Safety measures that don’t measure up
“TikTok does not have the same safety features as some of the more well-known apps and does not routinely remove accounts that have been flagged as potentially those of a predator,” warns cyber expert Susan McLean, an internationally acclaimed expert on social media with a long and distinguished career in law enforcement.
TikTok’s developers explain on the website that, yes, parents can set their child’s profile to “private.” But the site goes on to admit that “even with a private account, profile information – including profile photo, username, and bio – will be visible to all users.”

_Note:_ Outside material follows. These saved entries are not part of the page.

(* Let $\alpha>0$ be irrational. (i) If $\alpha$ is badly approximable, then there is $C>0$ with $\delta_{\min}^{(\alpha)}(N)\ge C/N$ for all $N\ge2$. (ii) If $\alpha$ is strongly Diophantine, then for every $\varepsilon>0$ there is $C>0$ with $\delta_{\min}^{(\alpha)}(N)\ge C/N^{1+\varepsilon}$ for all $N\ge 2$. (iii) For Lebesgue-almost every $\alpha>0$: for every $\varepsilon>0$ there is $C>0$ with $\delta_{\min}^{(\alpha)}(N)\ge \frac{C}{N(\log N)^{1+\varepsilon}}$ for all $N\ge2$.
   Context: For irrational $\alpha>0$, the numbers $\alpha m^2+n^2$ with integers $m,n\ge 1$ are pairwise distinct; list them in increasing order as $0<\lambda_1<\lambda_2<\cdots$. For $N\ge 2$ define $\delta_{\min}^{(\alpha)}(N)=\min\{\lambda_{i+1}-\lambda_i : 1\le i<N\}$. An irrational $\alpha$ is badly approximable if there is $c>0$ such that $|q\alpha-p|\ge c/q$ for all integers $p,q$ with $q\ge1$. It is strongly Diophantine if for every $\varepsilon>0$ there is $c_\varepsilon>0$ such that $|q\alpha-p|\ge c_\varepsilon q^{-1-\varepsilon}$ for all integers $p,q$ with $q\ge1$. Constants $C$ may depend on $\alpha$ and $\varepsilon$. *)

theory Defs
  imports "HOL-Analysis.Analysis"
begin

definition spec_set :: "real \<Rightarrow> real set" where
  "spec_set \<alpha> = {\<alpha> * (real m)^2 + (real n)^2 | m n :: nat. m \<ge> 1 \<and> n \<ge> 1}"

definition lam :: "real \<Rightarrow> nat \<Rightarrow> real" where
  "lam \<alpha> i = (THE x. x \<in> spec_set \<alpha> \<and> card {y \<in> spec_set \<alpha>. y < x} = i - 1)"

definition delta_min :: "real \<Rightarrow> nat \<Rightarrow> real" where
  "delta_min \<alpha> N = Min {lam \<alpha> (i + 1) - lam \<alpha> i | i. 1 \<le> i \<and> i < N}"

definition badly_approximable :: "real \<Rightarrow> bool" where
  "badly_approximable \<alpha> \<longleftrightarrow> \<alpha> \<notin> \<rat> \<and>
     (\<exists>c>0. \<forall>p q :: int. q \<ge> 1 \<longrightarrow> \<bar>real_of_int q * \<alpha> - real_of_int p\<bar> \<ge> c / real_of_int q)"

definition strongly_diophantine :: "real \<Rightarrow> bool" where
  "strongly_diophantine \<alpha> \<longleftrightarrow> \<alpha> \<notin> \<rat> \<and>
     (\<forall>\<epsilon>>0. \<exists>c>0. \<forall>p q :: int. q \<ge> 1 \<longrightarrow>
        \<bar>real_of_int q * \<alpha> - real_of_int p\<bar> \<ge> c * (real_of_int q) powr (-1 - \<epsilon>))"

end

theory Submission
  imports Defs
begin

text \<open>Two points of the spectrum differ by |a alpha + b| with integers a = m'^2 - m^2 and
  b = n'^2 - n^2. If a = 0 the gap is at least 1; otherwise it equals |q alpha - p| for some
  1 <= q <= x'/alpha, so a decreasing Diophantine lower bound psi for alpha bounds it from below by
  psi(x'/alpha). The s^2 points with m, n <= s = ceiling(sqrt N) give lambda_N <= 4 (alpha + 1) N,
  hence delta_min(N) >= min 1 (psi (4 (alpha + 1) N / alpha)), and the three parts follow by choosing
  psi. For part (iii), Borel-Cantelli with the convergent series sum 1/(q log(q+2)^(1+eps)) shows that
  almost every alpha satisfies |q alpha - p| >= 1/(q log(q+2)^(1+eps)) for all large q, and
  irrationality of alpha handles the finitely many remaining q.\<close>

section \<open>Ranks in a discrete subset of the reals\<close>

lemma obtain_least_element:
  fixes S :: "real set"
  assumes fin: "\<And>X. finite {y\<in>S. y \<le> X}" and "T \<subseteq> S" "T \<noteq> {}"
  obtains m where "m \<in> T" "\<And>y. y \<in> T \<Longrightarrow> m \<le> y"
proof -
  obtain x where x: "x \<in> T" using assms(3) by blast
  let ?L = "{y\<in>T. y \<le> x}"
  have "finite ?L" using fin[of x] by (rule rev_finite_subset) (use assms(2) in auto)
  moreover have "x \<in> ?L" using x by simp
  ultimately have "Min ?L \<in> T" "Min ?L \<le> x" using Min_in Min_le by blast+
  moreover have "Min ?L \<le> y" if "y \<in> T" for y
  proof (cases "y \<le> x")
    case True
    then show ?thesis using \<open>finite ?L\<close> that by (intro Min_le) simp_all
  next
    case False
    then show ?thesis using \<open>Min ?L \<le> x\<close> by simp
  qed
  ultimately show thesis using that by blast
qed

lemma ex_rank:
  fixes S :: "real set"
  assumes fin: "\<And>X. finite {y\<in>S. y \<le> X}"
    and unbounded: "\<And>X. \<exists>y\<in>S. X < y" and "S \<noteq> {}"
  shows "\<exists>x\<in>S. card {y\<in>S. y < x} = k"
proof (induction k)
  case 0
  obtain m where m: "m \<in> S" "\<And>y. y \<in> S \<Longrightarrow> m \<le> y"
    by (rule obtain_least_element[OF fin order.refl \<open>S \<noteq> {}\<close>]) blast
  then have "{y\<in>S. y < m} = {}" by (auto simp: not_less)
  then have "card {y\<in>S. y < m} = 0" by (simp only: card.empty)
  with m(1) show ?case by blast
next
  case (Suc k)
  then obtain x where x: "x \<in> S" "card {y\<in>S. y < x} = k" by blast
  have "{y\<in>S. x < y} \<noteq> {}" using unbounded[of x] by blast
  then obtain m where m: "m \<in> {y\<in>S. x < y}" "\<And>y. y \<in> {y\<in>S. x < y} \<Longrightarrow> m \<le> y"
    by (rule obtain_least_element[OF fin Collect_subset]) blast
  have "{y\<in>S. y < m} = insert x {y\<in>S. y < x}"
  proof (intro equalityI subsetI)
    fix y assume "y \<in> {y\<in>S. y < m}"
    then show "y \<in> insert x {y\<in>S. y < x}" using m(2)[of y] by (cases x y rule: linorder_cases) auto
  qed (use m(1) x(1) in auto)
  moreover have "finite {y\<in>S. y < x}" using fin[of x] by (rule rev_finite_subset) auto
  ultimately have "card {y\<in>S. y < m} = Suc k" using x by simp
  then show ?case using m(1) by blast
qed

lemma card_less_mono:
  fixes S :: "real set"
  assumes fin: "\<And>X. finite {y\<in>S. y \<le> X}" and "x \<in> S" "x < x'"
  shows "card {y\<in>S. y < x} < card {y\<in>S. y < x'}"
proof (rule psubset_card_mono)
  show "finite {y\<in>S. y < x'}" using fin[of x'] by (rule rev_finite_subset) auto
  show "{y\<in>S. y < x} \<subset> {y\<in>S. y < x'}" using assms by auto
qed

lemma ex1_rank:
  fixes S :: "real set"
  assumes fin: "\<And>X. finite {y\<in>S. y \<le> X}"
    and "\<And>X. \<exists>y\<in>S. X < y" and "S \<noteq> {}"
  shows "\<exists>!x. x \<in> S \<and> card {y\<in>S. y < x} = k"
proof (rule ex_ex1I)
  show "\<exists>x. x \<in> S \<and> card {y\<in>S. y < x} = k" using ex_rank[OF assms] by blast
  show "x = x'" if "x \<in> S \<and> card {y\<in>S. y < x} = k" "x' \<in> S \<and> card {y\<in>S. y < x'} = k" for x x'
    using card_less_mono[OF fin, of x x'] card_less_mono[OF fin, of x' x] that
    by (cases x x' rule: linorder_cases) auto
qed

section \<open>The enumeration of the spectrum\<close>

lemma finite_spec_set_le:
  assumes "\<alpha> > 0" shows "finite {y\<in>spec_set \<alpha>. y \<le> X}"
proof -
  define K where "K = nat \<lceil>X/\<alpha> + X\<rceil>"
  have "{y\<in>spec_set \<alpha>. y \<le> X} \<subseteq> (\<lambda>(m,n). \<alpha>*(real m)^2 + (real n)^2) ` ({..K}\<times>{..K})"
  proof
    fix y assume "y \<in> {y\<in>spec_set \<alpha>. y \<le> X}"
    then obtain m n :: nat where y: "y = \<alpha>*(real m)^2 + (real n)^2" "m \<ge> 1" "n \<ge> 1" "y \<le> X"
      by (auto simp: spec_set_def)
    have "real m \<le> (real m)^2" "real n \<le> (real n)^2" using y(2,3) by (simp_all add: power2_eq_square)
    moreover have mX: "\<alpha>*(real m)^2 \<le> X" and nX: "(real n)^2 \<le> X"
      using y assms by (smt (verit) zero_le_power2 mult_nonneg_nonneg)+
    moreover from nX have "0 \<le> X" using zero_le_power2[of "real n"] by linarith
    moreover from mX this have "(real m)^2 \<le> X/\<alpha>" "0 \<le> X/\<alpha>"
      using assms by (simp_all add: pos_le_divide_eq mult.commute)
    moreover have "X/\<alpha> + X \<le> real K" unfolding K_def by (rule real_nat_ceiling_ge)
    ultimately have "real m \<le> real K" "real n \<le> real K" by linarith+
    then show "y \<in> (\<lambda>(m,n). \<alpha>*(real m)^2 + (real n)^2) ` ({..K}\<times>{..K})"
      using y(1) by force
  qed
  then show ?thesis by (rule finite_subset) auto
qed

The US Navy has banned TikTok from government-issued mobile devices, citing security concerns. Australia's Department of Defence has now followed suit.
Major privacy concerns
Instead of instituting measures to keep users safe and their details private, TikTok passes the buck to mums and dads, encouraging them to “counsel” their children about revealing their age, address or phone number.
“TikTok also received the biggest fine in US history for gathering data on kids and selling it,” McLean says. But even that $8 million penalty would have been a drop in the bucket for a company worth more than $110 billion.
Security fears around the app have even prompted both the Australian and US governments to ban its use by their armed forces.
A TikTok spokesperson told The Daily Mail, 'In our Safety Centre we offer a library of educational resources for teens and their families, including safety educational videos and a safety blog series.”
Exactly how many views - let alone “likes” - those safety videos have received remains an open question.